2024-06-28 1772 words 9 minutes

Website Visitors:

Contents

Docker File System

Here’s an overview of the Docker file system, specifically the /var/lib/docker directory and its subfolders:

/var/lib/docker

This is the default directory where Docker stores its data, including images, containers, and volumes. The /var/lib/docker directory is divided into several subfolders, each serving a specific purpose:

Subfolders:

aufs (or overlay2): This subfolder contains the layered file system for Docker images and containers. It’s where Docker stores the individual layers of an image, as well as the container’s writable layer.
containers: This subfolder stores metadata about each container, including its configuration, logs, and runtime information.
image: This subfolder contains metadata about each Docker image, including its configuration, layers, and dependencies.
layers: This subfolder stores the individual layers of Docker images, which are used to build the layered file system.
network: This subfolder contains information about Docker networks, including network configurations and IP address allocations.
plugins: This subfolder stores plugins that extend Docker’s functionality, such as volume plugins or network plugins.
tmp: This subfolder is used for temporary storage during Docker operations, such as building images or creating containers.
volumes: This subfolder stores data volumes, which are directories shared between the host machine and containers.
buildkit: This subfolder is used by the BuildKit build system, which is used to build Docker images.

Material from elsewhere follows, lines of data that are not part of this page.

lemma summable_on_abs_le:
  fixes f :: "'b \<Rightarrow> real"
  assumes "g summable_on A" "\<And>x. x \<in> A \<Longrightarrow> \<bar>f x\<bar> \<le> g x"
  shows "f summable_on A"
  using abs_summable_summable[of f A] summable_on_comparison_test[OF assms(1), of "\<lambda>x. \<bar>f x\<bar>"]
    assms(2) by auto

lemma infsum_split_finite:
  fixes g :: "'b \<Rightarrow> real"
  assumes "g summable_on UNIV" "finite F"
  shows "infsum g UNIV = sum g F + infsum g (- F)"
proof -
  have "UNIV = F \<union> - F" by auto
  then show ?thesis
    using infsum_Un_disjoint[of g F "- F"] summable_on_subset[OF assms(1)] assms(2) by auto
qed

lemma infsum_le_sum_plus_tails:
  fixes h a A :: "'b \<Rightarrow> real"
  assumes "h summable_on UNIV" "a summable_on UNIV" "A summable_on UNIV" "finite F"
    and "\<And>z. h z \<le> K * (a z + A z)" "0 \<le> K"
  shows "infsum h UNIV \<le> sum h F + K * (infsum a (- F) + infsum A (- F))"
proof -
  have sub: "h summable_on (- F)" "a summable_on (- F)" "A summable_on (- F)"
    using assms(1-3) by (auto intro: summable_on_subset)
  have "infsum h (- F) \<le> infsum (\<lambda>z. K * (a z + A z)) (- F)"
    using sub assms(5) by (intro infsum_mono summable_on_cmult_right summable_on_add)
  also have "\<dots> = K * (infsum a (- F) + infsum A (- F))"
    using sub by (simp add: infsum_cmult_right' infsum_add)
  finally show ?thesis
    using infsum_split_finite[OF assms(1,4)] by simp
qed

lemma infsum_tendsto_0_Pratt:
  fixes a h :: "nat \<Rightarrow> 'b \<Rightarrow> real" and A :: "'b \<Rightarrow> real"
  assumes a_summable: "\<And>n. a n summable_on UNIV" and A_summable: "A summable_on UNIV"
    and a_nonneg: "\<And>n z. 0 \<le> a n z" and h_nonneg: "\<And>n z. 0 \<le> h n z"
    and infsum_a: "(\<lambda>n. infsum (a n) UNIV) \<longlonglongrightarrow> infsum A UNIV"
    and a_lim: "\<And>z. (\<lambda>n. a n z) \<longlonglongrightarrow> A z" and h_lim: "\<And>z. (\<lambda>n. h n z) \<longlonglongrightarrow> 0"
    and K: "0 \<le> K" and h_le: "\<And>n z. h n z \<le> K * (a n z + A z)"
  shows "(\<lambda>n. infsum (h n) UNIV) \<longlonglongrightarrow> 0"
proof (rule tendstoI)
  fix e :: real
  assume e: "0 < e"
  define K' where "K' = 1 + 3 * K"
  define d where "d = e / (2 * K')"
  have "0 < K'" using K by (simp add: K'_def)
  then have "0 < d" "d * K' = e / 2"
    using e by (simp_all add: d_def)
  then have d: "0 < d" "d + K * (3 * d) < e"
    using e by (simp_all add: K'_def algebra_simps)
  have A_nonneg: "0 \<le> A z" for z
    using a_nonneg by (intro LIMSEQ_le_const[OF a_lim]) auto
  have h_summable: "h n summable_on UNIV" for n
  proof (rule summable_on_comparison_test)
    show "(\<lambda>z. K * (a n z + A z)) summable_on UNIV"
      by (intro summable_on_cmult_right summable_on_add a_summable A_summable)
  qed (use h_le h_nonneg in auto)
  obtain F where F: "finite F" "dist (sum A F) (infsum A UNIV) \<le> d"
    using infsum_finite_approximation[OF A_summable d(1)] by blast
  note split = infsum_split_finite[OF _ F(1)]
  have A_tail: "infsum A (- F) \<le> d"
    using F(2) split[OF A_summable] by (simp add: dist_real_def)
  have "(\<lambda>n. infsum (a n) UNIV - sum (a n) F) \<longlonglongrightarrow> infsum A UNIV - sum A F"
    by (intro tendsto_diff infsum_a tendsto_sum a_lim)
  then have "eventually (\<lambda>n. infsum (a n) UNIV - sum (a n) F < infsum A UNIV - sum A F + d) sequentially"
    using d by (intro order_tendstoD) auto
  moreover have "(\<lambda>n. sum (h n) F) \<longlonglongrightarrow> 0"
    using tendsto_sum[OF h_lim, where I=F] by simp
  then have "eventually (\<lambda>n. sum (h n) F < d) sequentially"
    using d by (intro order_tendstoD) auto
  ultimately show "eventually (\<lambda>n. dist (infsum (h n) UNIV) 0 < e) sequentially"
  proof eventually_elim
    case (elim n)
    have "infsum (a n) (- F) < 2 * d"
      using elim(1) split[OF a_summable[of n]] split[OF A_summable] A_tail by linarith
    then have "K * (infsum (a n) (- F) + infsum A (- F)) \<le> K * (3 * d)"
      using A_tail K by (intro mult_left_mono) auto
    then have "infsum (h n) UNIV < d + K * (3 * d)"
      using infsum_le_sum_plus_tails[OF h_summable[of n] a_summable[of n] A_summable F(1) h_le[of n] K]
        elim(2)
      by linarith
    moreover have "0 \<le> infsum (h n) UNIV"
      using h_nonneg by (intro infsum_nonneg) auto
    ultimately show ?case using d by (simp add: dist_real_def)
  qed
qed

Note: The exact structure and contents of the /var/lib/docker directory may vary depending on the Docker version, configuration, and usage.

Run docker info command to view the current storage driver in use.

Layered Architecture

Docker uses a layered file system, also known as a union mount file system, to manage images and containers. This file system is composed of multiple layers, each representing a specific component of the image or container.

Here’s a breakdown of the layers:

Base Image Layer: This is the bottom-most layer, which contains the base operating system (e.g., Ubuntu, CentOS) and its dependencies. This is not the host OS. This is the base Docker image that serves as the foundation for your Docker image. Here’s an example to illustrate the difference:
- Host OS: Ubuntu 20.04 (running on the machine)
- Base image: python:3.9-slim (a Docker image that serves as the base for your custom image)
- Your custom image: my-python-app (built on top of the python:3.9-slim base image)
In this example, the host OS is Ubuntu 20.04, but the base image layer in your my-python-app image is the python:3.9-slim image, which is a separate entity from the host OS.
Intermediate Layers: These layers contain the application code, dependencies, and configurations. Each layer builds upon the previous one, allowing for efficient reuse of layers.
Container Layer: This is the top-most layer, which is unique to each container and contains any changes made to the container’s file system.

When a container is created, Docker uses a copy-on-write mechanism to create a new layer on top of the base image layer. This allows containers to share the same base image layer, reducing storage usage and improving performance.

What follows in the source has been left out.